What is required:
Tell me how many lines of the entries below include the string "spaces", and give only the number.

Dataset entries

lemma card_permutes_image_subset:
  assumes "finite U" "B \<subseteq> U" "T \<subseteq> U"
  shows "card {s. s permutes U \<and> s ` T \<subseteq> B} * (card U choose card T)
           = fact (card U) * (card B choose card T)"
proof -
  \<comment> \<open>Double counting of the pairs (T', s) with s ` T' \<subseteq> B; by symmetry each T' contributes equally.\<close>
  define Ts where "Ts = {T'. T' \<subseteq> U \<and> card T' = card T}"
  have "(\<Sum>T'\<in>Ts. card {s \<in> {s. s permutes U}. s ` T' \<subseteq> B})
          = (card B choose card T) * card {s. s permutes U}"
    using assms card_subsets_image_subset[of _ U B "card T"]
    by (intro sum_multicount) (auto simp: Ts_def finite_permutations)
  moreover have "(\<Sum>T'\<in>Ts. card {s \<in> {s. s permutes U}. s ` T' \<subseteq> B})
                   = card Ts * card {s. s permutes U \<and> s ` T \<subseteq> B}"
  proof -
    have "card {s \<in> {s. s permutes U}. s ` T' \<subseteq> B} = card {s. s permutes U \<and> s ` T \<subseteq> B}"
      if "T' \<in> Ts" for T'
      using that assms card_permutes_image_subset_cong[of U T T' B] by (simp add: Ts_def)
    then show ?thesis by simp
  qed
  moreover have "card Ts = card U choose card T"
    using n_subsets[OF assms(1)] by (simp add: Ts_def)
  ultimately show ?thesis
    using card_permutations[OF refl assms(1)] by (simp add: mult.commute)
qed

lemma prob_permutes_image_subset_le:
  assumes "finite U" "T \<subseteq> U"
  shows "measure_pmf.prob (pmf_of_set {s. s permutes U}) {s. s ` T \<subseteq> B}
           \<le> (real (card (B \<inter> U)) / real (card U)) ^ card T"
proof -
  let ?c = "card {s. s permutes U \<and> s ` T \<subseteq> B \<inter> U}"
  have "measure_pmf.prob (pmf_of_set {s. s permutes U}) {s. s ` T \<subseteq> B}
          = card ({s. s permutes U} \<inter> {s. s ` T \<subseteq> B}) / card {s. s permutes U}"
    using assms(1) by (intro measure_pmf_of_set) (auto intro: finite_permutations permutes_id)
  also have "{s. s permutes U} \<inter> {s. s ` T \<subseteq> B} = {s. s permutes U \<and> s ` T \<subseteq> B \<inter> U}"
    using assms(2) by (auto dest: permutes_image)
  finally have prob: "measure_pmf.prob (pmf_of_set {s. s permutes U}) {s. s ` T \<subseteq> B}
                        = ?c / fact (card U)"
    using assms(1) by (simp add: card_permutations)
  have "card T \<le> card U" using assms by (simp add: card_mono)
  then have pos: "0 < real (card U choose card T)" "0 < real (card U) ^ card T"
    by (cases "card T = 0"; simp)+
  have "real ?c * real (card U choose card T) = fact (card U) * real (card (B \<inter> U) choose card T)"
    using arg_cong[OF card_permutes_image_subset[of U "B \<inter> U" T], of real] assms by simp
  then have "?c / fact (card U) = real (card (B \<inter> U) choose card T) / real (card U choose card T)"
    using pos by (simp add: divide_simps mult.commute)
  also have "\<dots> \<le> real (card (B \<inter> U)) ^ card T / real (card U) ^ card T"
    using binomial_mult_pow_le[OF card_mono[OF assms(1) Int_lower2]] pos
    by (simp add: divide_simps mult.commute)
  finally show ?thesis
    unfolding prob by (simp add: power_divide)
qed

lemma sparse_window_obtain_black_subset:
  assumes "s \<in> sparse_window N M L l" "l \<le> L"
  obtains i T where "i + L \<le> N" "T \<subseteq> {i..<i + L}" "card T = L - l" "s ` T \<subseteq> {M..}"
proof -
  obtain i j where ij: "i \<le> j" "j \<le> N" "L \<le> j - i" "whites_in M s i j \<le> l"
    using assms(1) by (auto simp: sparse_window_def)
  define W where "W = {k \<in> {i..<i + L}. s k < M}"
  define K where "K = {k \<in> {i..<i + L}. M \<le> s k}"
  have "card W \<le> whites_in M s i j"
    unfolding whites_in_def W_def using ij by (intro card_mono) auto
  moreover have "card W + card K = card (W \<union> K)"
    by (rule card_Un_disjoint[symmetric]) (auto simp: W_def K_def)
  moreover have "W \<union> K = {i..<i + L}" by (auto simp: W_def K_def)
  ultimately have "L - l \<le> card K" using ij by simp
  then obtain T where "T \<subseteq> K" "card T = L - l" by (rule obtain_subset_with_card_n)
  with ij show thesis by (intro that[of i T]) (auto simp: K_def)
qed
lemma partition_cell_refine_eq_iff:
  assumes T: "T \<in> measurable M M" and P: "fin_partition M P" and "\<omega> \<in> space M" "\<omega>' \<in> space M"
  shows "partition_cell (refine M T P n) \<omega> = partition_cell (refine M T P n) \<omega>'
    \<longleftrightarrow> itinerary T (partition_cell P) n \<omega> = itinerary T (partition_cell P) n \<omega>'"
proof -
  have cell_iff: "(T ^^ k) \<omega>' \<in> partition_cell P ((T ^^ k) \<omega>) \<longleftrightarrow>
      partition_cell P ((T ^^ k) \<omega>) = partition_cell P ((T ^^ k) \<omega>')" for k
    using partition_cell_eq_iff[OF P] measurable_space[OF measurable_compose_n[OF T]] assms(3,4)
    by simp
  have "partition_cell (refine M T P n) \<omega> = partition_cell (refine M T P n) \<omega>'
      \<longleftrightarrow> \<omega>' \<in> partition_cell (refine M T P n) \<omega>"
    by (rule partition_cell_eq_iff[OF fin_partition_refine[OF T P] assms(3,4)])
  also have "\<dots> \<longleftrightarrow> (\<forall>k<n. (T ^^ k) \<omega>' \<in> partition_cell P ((T ^^ k) \<omega>))"
    unfolding partition_cell_refine[OF T P assms(3)] using assms(4) by simp
  also have "\<dots> \<longleftrightarrow> itinerary T (partition_cell P) n \<omega> = itinerary T (partition_cell P) n \<omega>'"
    unfolding cell_iff itinerary_eq_iff ..
  finally show ?thesis .
qed

lemma (in mp_system) entropy_partition_cell_refine:
  assumes P: "fin_partition M P"
  shows "\<H>(partition_cell (refine M T P n)) = \<H>(itinerary T (partition_cell P) n)"
  by (rule entropy_eq_determined[OF simple_function_itinerary[OF simple_function_partition_cell[OF P]]])
     (simp add: partition_cell_refine_eq_iff[OF T_measurable P])

lemma mp_system_if_mpds: "mpds M T \<Longrightarrow> mp_system M (exp 1) T"
  unfolding mpds_def mp_system_def mp_system_axioms_def information_space_def
    information_space_axioms_def by simp

lemma ent_rel_le_part_entropy_refine:
  assumes "mpds M T" and P: "fin_partition M P"
  shows "ent_rel M T P \<le> part_entropy M (refine M T P 2) - part_entropy M P"
proof -
  interpret mp_system M "exp 1" T using mp_system_if_mpds[OF assms(1)] .
  have c: "simple_function M (partition_cell P)" by (rule simple_function_partition_cell[OF P])
  show ?thesis
    unfolding ent_rel_def part_entropy_eq_entropy[OF fin_partition_refine[OF T_measurable P]]
      part_entropy_eq_entropy[OF P] entropy_partition_cell_refine[OF P] entropy_itinerary_1[OF c, symmetric]
    using lim_entropy_itinerary_increment_le[OF c, of 1] by (simp only: numeral_2_eq_2 One_nat_def)
qed

section \<open>Ordinal partitions\<close>

definition pattern_vector :: "('a \<Rightarrow> 'a) \<Rightarrow> (nat \<Rightarrow> 'a \<Rightarrow> real) \<Rightarrow> nat \<Rightarrow> nat \<Rightarrow> 'a \<Rightarrow> nat \<Rightarrow> nat list" where
  "pattern_vector T X N d \<omega> = (\<lambda>i\<in>{..<N}. ord_pattern d (\<lambda>j. X i ((T ^^ (d - j)) \<omega>)))"

lemma pattern_vector_in_PiE: "pattern_vector T X N d \<omega> \<in> (\<Pi>\<^sub>E i\<in>{..<N}. perms d)"
  unfolding pattern_vector_def by (simp add: ord_pattern_in_perms)
(* Let $A,G$ be selfadjoint operators in $\mathcal H$ with $\rho(AG)\neq\emptyset$ and $\rho(GA)\neq\emptyset$, and assume $0\in\sigma_{++}(AG)\cup\sigma_{--}(AG)$. Then $G$ is boundedly invertible.
   Context: $(\mathcal H,(\cdot,\cdot))$ is a complex Hilbert space; $A,G$ possibly unbounded selfadjoint operators; $AG,GA$ operator products with natural domains. $\rho(S)$ is the set of $\lambda$ with $S-\lambda$ injective, surjective with bounded everywhere defined inverse; $S$ boundedly invertible means $0\in\rho(S)$; $\sigma_{ap}(S)$ is the set of $\lambda$ with a sequence $(x_n)\subset\operatorname{dom}S$, $\|x_n\|=1$, $(S-\lambda)x_n\to0$. Fix $\lambda_0\in\mathbb C\setminus\mathbb R$ with $\lambda_0,\overline{\lambda_0}\in\rho(AG)$ (such exists), let $G_0:=G(AG-\lambda_0)^{-1}(AG-\overline{\lambda_0})^{-1}$ (bounded selfadjoint) and $[x,y]:=(G_0x,y)$; $AG$ is symmetric w.r.t. $[\cdot,\cdot]$. $\sigma_{++}(AG)$ ($\sigma_{--}(AG)$) is the set of $\lambda\in\sigma_{ap}(AG)$ such that every $(x_n)\subset\operatorname{dom}(AG)$ with $\|x_n\|=1$, $(AG-\lambda)x_n\to0$ satisfies $\liminf_n[x_n,x_n]>0$ (resp. $\limsup_n[x_n,x_n]<0$); these sets do not depend on $\lambda_0$. *)

theory Defs
  imports "HOL-Analysis.Analysis"
begin

text \<open>HOL-Analysis has no complex inner product spaces, so we introduce the class of
complex Hilbert spaces: a real Banach space with a complex scalar multiplication
(extending the real one) and a complex inner product (linear in the first argument,
conjugate symmetric) inducing the given norm.\<close>

class complex_hilbert = banach +
  fixes scaleC :: "complex \<Rightarrow> 'a \<Rightarrow> 'a" (infixr \<open>*\<^sub>C\<close> 75)
    and cinner :: "'a \<Rightarrow> 'a \<Rightarrow> complex"
  assumes scaleC_add_right: "a *\<^sub>C (x + y) = a *\<^sub>C x + a *\<^sub>C y"
    and scaleC_add_left: "(a + b) *\<^sub>C x = a *\<^sub>C x + b *\<^sub>C x"
    and scaleC_scaleC: "a *\<^sub>C (b *\<^sub>C x) = (a * b) *\<^sub>C x"
    and scaleC_one: "1 *\<^sub>C x = x"
    and scaleC_of_real: "complex_of_real r *\<^sub>C x = r *\<^sub>R x"
    and cinner_add_left: "cinner (x + y) z = cinner x z + cinner y z"
    and cinner_scaleC_left: "cinner (a *\<^sub>C x) y = a * cinner x y"
    and cinner_commute: "cinner y x = cnj (cinner x y)"
    and cinner_self_norm: "cinner x x = complex_of_real ((norm x)\<^sup>2)"

type_synonym 'a lop = "'a set \<times> ('a \<Rightarrow> 'a)"

definition opdom :: "'a lop \<Rightarrow> 'a set" where "opdom T = fst T"
definition opfun :: "'a lop \<Rightarrow> 'a \<Rightarrow> 'a" where "opfun T = snd T"

definition csubspace :: "'a::complex_hilbert set \<Rightarrow> bool" where
  "csubspace D \<longleftrightarrow> 0 \<in> D \<and> (\<forall>x\<in>D. \<forall>y\<in>D. x + y \<in> D) \<and> (\<forall>c. \<forall>x\<in>D. c *\<^sub>C x \<in> D)"

definition linear_op :: "'a::complex_hilbert lop \<Rightarrow> bool" where
  "linear_op T \<longleftrightarrow> csubspace (opdom T) \<and>
     (\<forall>x\<in>opdom T. \<forall>y\<in>opdom T. opfun T (x + y) = opfun T x + opfun T y) \<and>
     (\<forall>c. \<forall>x\<in>opdom T. opfun T (c *\<^sub>C x) = c *\<^sub>C opfun T x)"

text \<open>Selfadjoint: densely defined linear operator with T = T*, i.e. T is symmetric and
every y for which x \<mapsto> (Tx, y) is represented by some z on dom T lies in dom T
(then necessarily T* y = z = T y by density).\<close>
definition selfadjoint :: "'a::complex_hilbert lop \<Rightarrow> bool" where
  "selfadjoint T \<longleftrightarrow> linear_op T \<and> closure (opdom T) = UNIV \<and>
     (\<forall>x\<in>opdom T. \<forall>y\<in>opdom T. cinner (opfun T x) y = cinner x (opfun T y)) \<and>
     (\<forall>y z. (\<forall>x\<in>opdom T. cinner (opfun T x) y = cinner x z) \<longrightarrow> y \<in> opdom T)"
(* Let $\Lambda_1,\Lambda_2\in\mathbb R^{d\times d}$ be symmetric positive definite with $\Lambda_1\succ\Lambda_2$, and let $\mu\in\mathbb R^d$. Then $$d_{\mathsf C}\big(\mathcal N(\mu,\Lambda_1),\mathcal N(\mu,\Lambda_2)\big)=d_{\mathsf{TV}}\big(\mathcal N(\mu,\Lambda_1),\mathcal N(\mu,\Lambda_2)\big).$$
   Context: $d_{\mathsf C}(P,Q)=\sup_{\mathcal C}|P(\mathcal C)-Q(\mathcal C)|$ with the supremum over all convex subsets $\mathcal C\subseteq\mathbb R^d$; $d_{\mathsf{TV}}$ is the total variation distance; $\succ$ is the strict Loewner order. *)

theory Defs
  imports "HOL-Analysis.Analysis" "HOL-Probability.Probability"
begin

definition pos_def_matrix :: "real^'n^'n \<Rightarrow> bool" where
  "pos_def_matrix A \<longleftrightarrow> transpose A = A \<and> (\<forall>x. x \<noteq> 0 \<longrightarrow> x \<bullet> (A *v x) > 0)"

definition loewner_gt :: "real^'n^'n \<Rightarrow> real^'n^'n \<Rightarrow> bool" where
  "loewner_gt A B \<longleftrightarrow> pos_def_matrix (A - B)"

definition gaussian_density :: "real^'n \<Rightarrow> real^'n^'n \<Rightarrow> real^'n \<Rightarrow> real" where
  "gaussian_density mu L x =
     exp (- ((x - mu) \<bullet> (matrix_inv L *v (x - mu))) / 2)
       / sqrt ((2 * pi) ^ CARD('n) * det L)"

text \<open>The Gaussian measure, defined on the Lebesgue (completed) sigma-algebra, so that
  all convex sets (which are Lebesgue measurable) get their proper probability.\<close>
definition gaussian :: "real^'n \<Rightarrow> real^'n^'n \<Rightarrow> (real^'n) measure" where
  "gaussian mu L = density lebesgue (\<lambda>x. ennreal (gaussian_density mu L x))"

Response:
2